One in Five Data Leaks Now Linked to Shadow AI Usage as Employees Feed Sensitive Corporate Data into Public AI Services
Small and medium-sized businesses as well as large corporations are increasingly exposed to data leaks caused by employees’ unauthorized use of generative AI tools. Security teams are struggling to keep pace as staff send internal information to public neural networks faster than information security departments can identify the new risk vectors.
According to research by Informzashchita, in July 2026 already 20% of organizations that suffered data leaks were able to link at least part of the incidents to unsanctioned GenAI usage. One year earlier the figure stood at approximately 12%. These cases go far beyond simply asking a chatbot to edit an email.

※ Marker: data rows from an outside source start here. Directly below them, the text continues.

lemma stationary_limit_point:
  fixes g :: "'a::topological_space \<Rightarrow> 'b::real_normed_vector"
  assumes "continuous_on UNIV g" "(\<lambda>i. g (x i)) \<longlonglongrightarrow> 0" "strict_mono r" "(x \<circ> r) \<longlonglongrightarrow> y"
  shows "g y = 0"
proof -
  have "(\<lambda>i. g ((x \<circ> r) i)) \<longlonglongrightarrow> g y"
    using assms(1,4) by (rule continuous_on_tendsto_compose) auto
  moreover have "(\<lambda>i. g ((x \<circ> r) i)) \<longlonglongrightarrow> 0"
    using LIMSEQ_subseq_LIMSEQ[OF assms(2,3)] by (simp add: comp_def)
  ultimately show ?thesis
    by (rule LIMSEQ_unique)
qed

section \<open>Finite-horizon Markov decision processes\<close>

definition prob_vector :: "('i::finite \<Rightarrow> real) \<Rightarrow> bool" where
  "prob_vector p \<longleftrightarrow> (\<forall>i. 0 \<le> p i) \<and> (\<Sum>i\<in>UNIV. p i) = 1"

lemma prob_vector_nonneg: "prob_vector p \<Longrightarrow> 0 \<le> p i"
  by (simp add: prob_vector_def)

lemma prob_vector_sum: "prob_vector p \<Longrightarrow> (\<Sum>i\<in>UNIV. p i) = 1"
  by (simp add: prob_vector_def)

lemma prob_vector_eq_0_if_one:
  assumes p: "prob_vector p" and "p i = 1" "j \<noteq> i"
  shows "p j = 0"
proof -
  have "(\<Sum>k\<in>UNIV. p k) = p i + (\<Sum>k\<in>UNIV - {i}. p k)"
    by (simp add: sum.remove)
  then have "(\<Sum>k\<in>UNIV - {i}. p k) = 0"
    using assms by (simp add: prob_vector_def)
  then show ?thesis
    using p \<open>j \<noteq> i\<close> by (simp add: prob_vector_def sum_nonneg_eq_0_iff)
qed
definition sc_better :: "(nat \<Rightarrow> real) \<Rightarrow> nat set \<Rightarrow> nat set \<Rightarrow> bool" where
  "sc_better w T S \<longleftrightarrow> sum w T < sum w S"

definition bounded_density :: "real \<Rightarrow> (real \<Rightarrow> real) \<Rightarrow> bool" where
  "bounded_density \<phi> g \<longleftrightarrow> g \<in> borel_measurable borel \<and>
     (\<forall>x. 0 \<le> g x \<and> g x \<le> \<phi>) \<and> (\<forall>x. x \<notin> {0..1} \<longrightarrow> g x = 0) \<and>
     (\<integral>\<^sup>+ x. ennreal (g x) \<partial>lborel) = 1"

definition smoothed_weights :: "nat \<Rightarrow> (nat \<Rightarrow> real \<Rightarrow> real) \<Rightarrow> (nat \<Rightarrow> real) measure" where
  "smoothed_weights n f = (\<Pi>\<^sub>M i\<in>{..<n}. density lborel (\<lambda>x. ennreal (f i x)))"

end

theory Submission
  imports Defs
begin

(*
  A run of local search never revisits a solution, so it has fewer than 2^n steps; and since
  the objective ranges over an interval of length n when the weights lie in [0,1], a run has
  at most n/\<epsilon> steps if every improving move gains more than \<epsilon>. The gain of a move is
  w(P) - w(Q) for one of at most (2n+1)^k exchanges (P, Q) with |P| + |Q| \<le> k. Conditioning on
  all weights but one coordinate of the symmetric difference of P and Q shows that this gain
  lies in (0, \<epsilon>] with probability at most \<phi>\<epsilon>. A union bound over the exchanges and over the
  dyadic scales \<epsilon> = 2^-j, j = 1..n, bounds the expected number of steps by
  2n + 2n^2 (2n+1)^k \<phi> \<le> 4 3^k n^(k+2) \<phi>.
*)

lemma sum_fun_upd:
  "finite A \<Longrightarrow> sum (f(i := y)) A = (if i \<in> A then y + sum f (A - {i}) else sum f A)"
  by (auto simp: sum.remove intro!: sum.cong)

Employees are uploading contracts, source code, internal correspondence, client inquiries, and technical documentation to public AI services. The study breaks down the primary vectors responsible for these leaks:
- 42% occur through public AI web interfaces;
- 24% are connected to browser extensions and AI assistants that gain access to tabs, session history, and cookies;
- 19% result from independently connected APIs and libraries;
- 15% involve tools designed for programmers.
Traditional security controls frequently fail to detect the activity because the domains are legitimate, TLS encryption is active, and no malware signatures are present. As a result, confidential documents are exfiltrated to external services without triggering alerts.

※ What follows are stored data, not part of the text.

(* Let $\omega$ be a character (non-zero complex homomorphism, not necessarily continuous) of $C(X)'_{00}$, and let $x\in X$ be the unique point such that $\omega$ restricted to $C(X)$ is evaluation at $x$. Then there exists a sequence $(c_k)_{k\in\mathbb{Z}}$ of complex numbers with $c_0=1$ such that $\omega(f\delta^k)=c_kf(x)$ for all $k\in\mathbb{Z}$ and all $f\in C(X)$ with $\mathrm{supp}(f)\subset\mathrm{Fix}_k(\sigma)$.
   Context: Let $X$ be a non-empty compact Hausdorff space and $\sigma:X\to X$ a homeomorphism; $\mathrm{Fix}_k(\sigma)=\{x:\sigma^kx=x\}$, $\mathrm{supp}(f)$ is the closure of $\{f\ne0\}$. $C(X)$ is the algebra of continuous complex functions. $c_{00}(\Sigma)$ is the unital algebra of finite formal sums $\sum_kf_k\delta^k$ ($f_k\in C(X)$) with multiplication determined by $f\delta^k\cdot g\delta^l=f\,(g\circ\sigma^{-k})\,\delta^{k+l}$ (a subalgebra of the twisted convolution algebra $\ell^1(\mathbb{Z},C(X))$ for the action $f\mapsto f\circ\sigma^{-1}$); $C(X)$ is embedded as $\{f\delta^0\}$. $C(X)'_{00}$ is the commutant of $C(X)$ in $c_{00}(\Sigma)$; it equals $\{\sum_kf_k\delta^k:\mathrm{supp}(f_k)\subset\mathrm{Fix}_k(\sigma)\ \forall k\}$ and is commutative. *)

theory Defs
  imports "HOL-Analysis.Analysis" "HOL-Library.Function_Algebras"
begin

definition zpow :: "('a \<Rightarrow> 'a) \<Rightarrow> int \<Rightarrow> 'a \<Rightarrow> 'a" where
  "zpow \<sigma> k = (if 0 \<le> k then \<sigma> ^^ nat k else (inv \<sigma>) ^^ nat (- k))"

text \<open>Elements of c00(Sigma): finitely supported families (f_k)_{k in Z} of continuous
  functions X -> C, representing the formal sum of f_k delta^k.\<close>
definition c00 :: "(int \<Rightarrow> 'a::topological_space \<Rightarrow> complex) set" where
  "c00 = {F. finite {k. F k \<noteq> 0} \<and> (\<forall>k. continuous_on UNIV (F k))}"

text \<open>Twisted convolution: f delta^k * g delta^l = f (g o sigma^(-k)) delta^(k+l).\<close>
definition cmult :: "('a \<Rightarrow> 'a) \<Rightarrow> (int \<Rightarrow> 'a \<Rightarrow> complex) \<Rightarrow> (int \<Rightarrow> 'a \<Rightarrow> complex)
    \<Rightarrow> (int \<Rightarrow> 'a \<Rightarrow> complex)" where
  "cmult \<sigma> F G = (\<lambda>n y. \<Sum>k\<in>{k. F k \<noteq> 0}. F k y * G (n - k) (zpow \<sigma> (- k) y))"

definition mdelta :: "('a \<Rightarrow> complex) \<Rightarrow> int \<Rightarrow> (int \<Rightarrow> 'a \<Rightarrow> complex)" where
  "mdelta f k = (\<lambda>j. if j = k then f else 0)"

definition commutant00 :: "('a::topological_space \<Rightarrow> 'a) \<Rightarrow> (int \<Rightarrow> 'a \<Rightarrow> complex) set" where
  "commutant00 \<sigma> = {F \<in> c00. \<forall>f::'a \<Rightarrow> complex. continuous_on UNIV f \<longrightarrow>
       cmult \<sigma> (mdelta f 0) F = cmult \<sigma> F (mdelta f 0)}"

definition character00 :: "('a::topological_space \<Rightarrow> 'a) \<Rightarrow> ((int \<Rightarrow> 'a \<Rightarrow> complex) \<Rightarrow> complex) \<Rightarrow> bool" where
  "character00 \<sigma> \<omega> \<longleftrightarrow>
     (\<exists>F\<in>commutant00 \<sigma>. \<omega> F \<noteq> 0) \<and>
     (\<forall>F\<in>commutant00 \<sigma>. \<forall>G\<in>commutant00 \<sigma>. \<omega> (F + G) = \<omega> F + \<omega> G) \<and>
     (\<forall>F\<in>commutant00 \<sigma>. \<forall>c. \<omega> (\<lambda>k y. c * F k y) = c * \<omega> F) \<and>
     (\<forall>F\<in>commutant00 \<sigma>. \<forall>G\<in>commutant00 \<sigma>. \<omega> (cmult \<sigma> F G) = \<omega> F * \<omega> G)"

end

theory Submission
  imports Defs
begin

text \<open>A function f vanishing at x factors as f = g h with g = sqrt |f| continuous and
  h = f / g continuous with the same support as f. Hence, if f \<delta>^k lies in the commutant,
  so does h \<delta>^k, and \<omega>(f \<delta>^k) = \<omega>(g \<delta>^0) \<omega>(h \<delta>^k) = g(x) \<omega>(h \<delta>^k) = 0. So for each k
  the linear functional f \<mapsto> \<omega>(f \<delta>^k) on the functions supported in Fix_k(\<sigma>) has
  the kernel of evaluation at x in its kernel and is therefore a multiple c_k of it;
  c_0 = 1 because \<omega>(1 \<delta>^0) = 1.\<close>

definition fix_supported :: "('a::topological_space \<Rightarrow> 'a) \<Rightarrow> int \<Rightarrow> ('a \<Rightarrow> complex) \<Rightarrow> bool" where
  "fix_supported \<sigma> k f \<longleftrightarrow>
     continuous_on UNIV f \<and> closure {y. f y \<noteq> 0} \<subseteq> {y. zpow \<sigma> k y = y}"

lemma funpow_inv_fixed_iff:
  assumes "bij f"
  shows "(inv f ^^ n) y = y \<longleftrightarrow> (f ^^ n) y = y"
  by (metis assms bij_fn bij_inv_eq_iff inv_fn)

lemma zpow_uminus_fixed_iff:
  assumes "bij \<sigma>"
  shows "zpow \<sigma> (- k) y = y \<longleftrightarrow> zpow \<sigma> k y = y"
  using assms by (cases "k = 0") (auto simp: zpow_def funpow_inv_fixed_iff)

lemma zpow_0_apply [simp]: "zpow \<sigma> 0 y = y"
  by (simp add: zpow_def)

lemma fix_supported_zero_iff: "fix_supported \<sigma> 0 f \<longleftrightarrow> continuous_on UNIV f"
  by (simp add: fix_supported_def zpow_def)

lemma fix_supported_lincomb:
  assumes "fix_supported \<sigma> k f" "fix_supported \<sigma> k g"
  shows "fix_supported \<sigma> k (\<lambda>y. a * f y + b * g y)"
proof -
  have "{y. a * f y + b * g y \<noteq> 0} \<subseteq> {y. f y \<noteq> 0} \<union> {y. g y \<noteq> 0}"
    by auto
  then have "closure {y. a * f y + b * g y \<noteq> 0} \<subseteq> closure ({y. f y \<noteq> 0} \<union> {y. g y \<noteq> 0})"
    by (rule closure_mono)
  also have "\<dots> = closure {y. f y \<noteq> 0} \<union> closure {y. g y \<noteq> 0}"
    by (rule closure_Un)
  finally have "closure {y. a * f y + b * g y \<noteq> 0} \<subseteq> closure {y. f y \<noteq> 0} \<union> closure {y. g y \<noteq> 0}" .
  moreover have "continuous_on UNIV (\<lambda>y. a * f y + b * g y)"
    using assms unfolding fix_supported_def by (intro continuous_intros) auto
  ultimately show ?thesis
    using assms by (auto simp: fix_supported_def)
qed

lemma fix_supported_mult_shift_eq:
  assumes "bij \<sigma>" "fix_supported \<sigma> k h"
  shows "h y * f (zpow \<sigma> (- k) y) = h y * f y"
proof (cases "h y = 0")
  case False
  have supp: "closure {y. h y \<noteq> 0} \<subseteq> {y. zpow \<sigma> k y = y}"
    using assms(2) by (simp add: fix_supported_def)
  have "y \<in> closure {y. h y \<noteq> 0}"
    by (rule subsetD[OF closure_subset]) (simp add: False)
  with supp have "zpow \<sigma> k y = y"
    by (auto dest: subsetD)
  then have "zpow \<sigma> (- k) y = y"
    using zpow_uminus_fixed_iff[OF assms(1)] by blast
  then show ?thesis
    by simp
qed simp

lemma cmult_mdelta:
  "cmult \<sigma> (mdelta f a) (mdelta g b) = mdelta (\<lambda>y. f y * g (zpow \<sigma> (- a) y)) (a + b)"
proof (cases "f = 0")
  case True
  then have "{k. mdelta f a k \<noteq> 0} = {}"
    by (simp add: mdelta_def)
  with True show ?thesis
    by (simp add: cmult_def mdelta_def fun_eq_iff)
next
  case False
  then have "{k. mdelta f a k \<noteq> 0} = {a}"
    by (auto simp: mdelta_def)
  then show ?thesis
    by (simp add: cmult_def mdelta_def fun_eq_iff)
qed

lemma mdelta_add: "mdelta (\<lambda>y. f y + g y) k = mdelta f k + mdelta g k"
  by (auto simp: mdelta_def fun_eq_iff)

lemma mdelta_scale: "mdelta (\<lambda>y. c * f y) k = (\<lambda>j y. c * mdelta f k j y)"
  by (auto simp: mdelta_def fun_eq_iff)

lemma mdelta_in_commutant00:
  assumes "bij \<sigma>" "fix_supported \<sigma> k h"
  shows "mdelta h k \<in> commutant00 \<sigma>"
proof -
  have "finite {j. mdelta h k j \<noteq> 0}"
    by (rule finite_subset[of _ "{k}"]) (auto simp: mdelta_def)
  moreover have "continuous_on UNIV (mdelta h k j)" for j
    using assms(2) by (auto simp: mdelta_def fix_supported_def)
  moreover have "cmult \<sigma> (mdelta f 0) (mdelta h k) = cmult \<sigma> (mdelta h k) (mdelta f 0)"
    for f :: "'a \<Rightarrow> complex"
  proof -
    have "cmult \<sigma> (mdelta f 0) (mdelta h k) = mdelta (\<lambda>y. f y * h y) k"
      by (simp add: cmult_mdelta)
    also have "(\<lambda>y. f y * h y) = (\<lambda>y. h y * f (zpow \<sigma> (- k) y))"
      by (rule ext) (metis fix_supported_mult_shift_eq[OF assms] mult.commute)
    also have "mdelta \<dots> k = cmult \<sigma> (mdelta h k) (mdelta f 0)"
      by (simp add: cmult_mdelta)
    finally show ?thesis .
  qed
  ultimately show ?thesis
    by (simp add: commutant00_def c00_def)
qed

lemma continuous_on_sqrt_factorization:
  fixes f :: "'a::t2_space \<Rightarrow> complex"
  assumes f: "continuous_on UNIV f"
  obtains g h where "continuous_on UNIV g" "continuous_on UNIV h"
    "\<And>y. f y = g y * h y" "\<And>y. f y = 0 \<Longrightarrow> g y = 0" "{y. h y \<noteq> 0} = {y. f y \<noteq> 0}"
proof -
  define g where "g y = complex_of_real (sqrt (cmod (f y)))" for y
  \<comment> \<open>Where f vanishes, so does g, and then h y = f y / 0 = 0.\<close>
  define h where "h y = f y / g y" for y
  have g_eq_0_iff: "g y = 0 \<longleftrightarrow> f y = 0" for y
    by (simp add: g_def)
  have g: "continuous_on UNIV g"
    unfolding g_def using f by (intro continuous_intros)
  have norm_h: "norm (h y) = sqrt (cmod (f y))" for y
    by (simp add: h_def g_def norm_divide real_div_sqrt)
  have "isCont h y0" for y0
  proof (cases "f y0 = 0")
    case True
    have "isCont (\<lambda>y. sqrt (cmod (f y))) y0"
      using f by (intro continuous_intros) (simp add: continuous_on_eq_continuous_at)
    then have "((\<lambda>y. sqrt (cmod (f y))) \<longlongrightarrow> 0) (at y0)"
      using True by (simp add: isCont_def)
    then have "(h \<longlongrightarrow> 0) (at y0)"
      by (rule Lim_null_comparison[rotated]) (simp add: norm_h)
    then show ?thesis
      using True by (simp add: isCont_def h_def)
  next
    case False
    have "open {y. f y \<noteq> 0}"
      using f by (intro open_Collect_neq continuous_intros)
    moreover have "continuous_on {y. f y \<noteq> 0} h"
      unfolding h_def using f g g_eq_0_iff
      by (intro continuous_intros) (auto elim: continuous_on_subset)
    ultimately show ?thesis
      using False continuous_on_eq_continuous_at by blast
  qed
  then have h: "continuous_on UNIV h"
    by (simp add: continuous_on_eq_continuous_at)
  have "f y = g y * h y" for y
    using g_eq_0_iff by (simp add: h_def)
  moreover have "{y. h y \<noteq> 0} = {y. f y \<noteq> 0}"
    using g_eq_0_iff by (auto simp: h_def)
  ultimately show ?thesis
    using g_eq_0_iff by (intro that[OF g h]) blast+
qed

lemma character00_mdelta_lincomb:
  assumes bij: "bij \<sigma>" and character: "character00 \<sigma> \<omega>"
    and "fix_supported \<sigma> k f" "fix_supported \<sigma> k g"
  shows "\<omega> (mdelta (\<lambda>y. a * f y + b * g y) k) = a * \<omega> (mdelta f k) + b * \<omega> (mdelta g k)"
proof -
  have f: "mdelta f k \<in> commutant00 \<sigma>" and g: "mdelta g k \<in> commutant00 \<sigma>"
    using assms(3,4) bij by (simp_all add: mdelta_in_commutant00)
  have "mdelta (\<lambda>y. a * f y) k \<in> commutant00 \<sigma>" "mdelta (\<lambda>y. b * g y) k \<in> commutant00 \<sigma>"
    using fix_supported_lincomb[OF assms(3,4), of _ 0] fix_supported_lincomb[OF assms(3,4), of 0]
    by (simp_all add: bij mdelta_in_commutant00)
  with f g character show ?thesis
    unfolding mdelta_add character00_def by (simp add: mdelta_scale)
qed

context
  fixes \<sigma> :: "'a::t2_space \<Rightarrow> 'a" and \<omega> :: "(int \<Rightarrow> 'a \<Rightarrow> complex) \<Rightarrow> complex"
    and x :: 'a
  assumes bij: "bij \<sigma>"
    and character: "character00 \<sigma> \<omega>"
    and restriction_eval: "\<forall>f. continuous_on UNIV f \<longrightarrow> \<omega> (mdelta f 0) = f x"
begin

lemma character00_mdelta_vanishing:
  assumes "fix_supported \<sigma> k f" "f x = 0"
  shows "\<omega> (mdelta f k) = 0"
proof -
  have "continuous_on UNIV f"
    using assms(1) by (simp add: fix_supported_def)
  obtain g h where g: "continuous_on UNIV g" and h: "continuous_on UNIV h"
    and fgh: "\<And>y. f y = g y * h y" and g_zero: "\<And>y. f y = 0 \<Longrightarrow> g y = 0"
    and supp: "{y. h y \<noteq> 0} = {y. f y \<noteq> 0}"
    using continuous_on_sqrt_factorization[OF \<open>continuous_on UNIV f\<close>] by blast
  have "\<omega> (mdelta g 0) = 0"
    using restriction_eval g g_zero[OF assms(2)] by simp
  have g_comm: "mdelta g 0 \<in> commutant00 \<sigma>"
    using g bij by (simp add: mdelta_in_commutant00 fix_supported_zero_iff)
  have "fix_supported \<sigma> k h"
    using assms(1) h supp by (simp add: fix_supported_def)
  then have h_comm: "mdelta h k \<in> commutant00 \<sigma>"
    by (rule mdelta_in_commutant00[OF bij])
  have "mdelta f k = cmult \<sigma> (mdelta g 0) (mdelta h k)"
    by (simp add: cmult_mdelta fgh[abs_def])
  then have "\<omega> (mdelta f k) = \<omega> (mdelta g 0) * \<omega> (mdelta h k)"
    using character g_comm h_comm by (simp add: character00_def)
  with \<open>\<omega> (mdelta g 0) = 0\<close> show ?thesis
    by simp
qed

lemma character00_mdelta_proportional:
  "\<exists>c. \<forall>f. fix_supported \<sigma> k f \<longrightarrow> \<omega> (mdelta f k) = c * f x"
proof (cases "\<exists>f0. fix_supported \<sigma> k f0 \<and> f0 x \<noteq> 0")
  case True
  then obtain f0 where f0: "fix_supported \<sigma> k f0" "f0 x \<noteq> 0"
    by blast
  have "\<omega> (mdelta f k) = \<omega> (mdelta f0 k) / f0 x * f x" if f: "fix_supported \<sigma> k f" for f
  proof -
    have "0 = \<omega> (mdelta (\<lambda>y. f0 x * f y + (- f x) * f0 y) k)"
      using f f0 by (intro character00_mdelta_vanishing[symmetric] fix_supported_lincomb) simp_all
    also have "\<dots> = f0 x * \<omega> (mdelta f k) + (- f x) * \<omega> (mdelta f0 k)"
      by (rule character00_mdelta_lincomb[OF bij character f f0(1)])
    finally show ?thesis
      using f0(2) by (simp add: field_simps)
  qed
  then show ?thesis
    by blast
next
  case False
  then show ?thesis
    by (intro exI[of _ 0]) (auto intro: character00_mdelta_vanishing)
qed

end

theorem lemma3p1:
  fixes \<sigma> :: "'a::t2_space \<Rightarrow> 'a" and \<omega> :: "(int \<Rightarrow> 'a \<Rightarrow> complex) \<Rightarrow> complex" and x :: 'a
  assumes "compact (UNIV :: 'a set)"
    and "\<exists>\<tau>. homeomorphism UNIV UNIV \<sigma> \<tau>"
    and "character00 \<sigma> \<omega>"
    and "\<forall>f::'a \<Rightarrow> complex. continuous_on UNIV f \<longrightarrow> \<omega> (mdelta f 0) = f x"
  shows "\<exists>c :: int \<Rightarrow> complex. c 0 = 1 \<and>
    (\<forall>k. \<forall>f::'a \<Rightarrow> complex. continuous_on UNIV f \<and>
        closure {y. f y \<noteq> 0} \<subseteq> {y. zpow \<sigma> k y = y} \<longrightarrow> \<omega> (mdelta f k) = c k * f x)"
proof -
  have bij: "bij \<sigma>"
    using assms(2) unfolding homeomorphism_def by (metis bij_betw_byWitness subset_UNIV)
  have "\<forall>k. \<exists>c. \<forall>f. fix_supported \<sigma> k f \<longrightarrow> \<omega> (mdelta f k) = c * f x"
    using character00_mdelta_proportional[OF bij assms(3,4)] by blast
  then obtain c where c: "\<forall>k f. fix_supported \<sigma> k f \<longrightarrow> \<omega> (mdelta f k) = c k * f x"
    by (rule exE[OF choice])
  have "c 0 = \<omega> (mdelta (\<lambda>_. 1) 0)"
    using c by (simp add: fix_supported_zero_iff)
  also have "\<dots> = 1"
    using assms(4) by simp
  finally show ?thesis
    using c unfolding fix_supported_def by blast
qed

end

The research also found that nearly one-third of companies using AI have discovered at least one API key or secret stored in insecure locations such as configuration files, test scripts, workstations, and Git repositories. Attackers who obtain these credentials can not only consume the organization’s AI budget but also reach connected databases and RAG data stores.
Late detection significantly increases the financial impact: incidents involving shadow AI raise average breach costs by roughly $670,000. Experts advise organizations to begin with comprehensive service inventories, secret scanning, browser-extension governance, and data classification instead of attempting to ban tools such as ChatGPT by policy alone.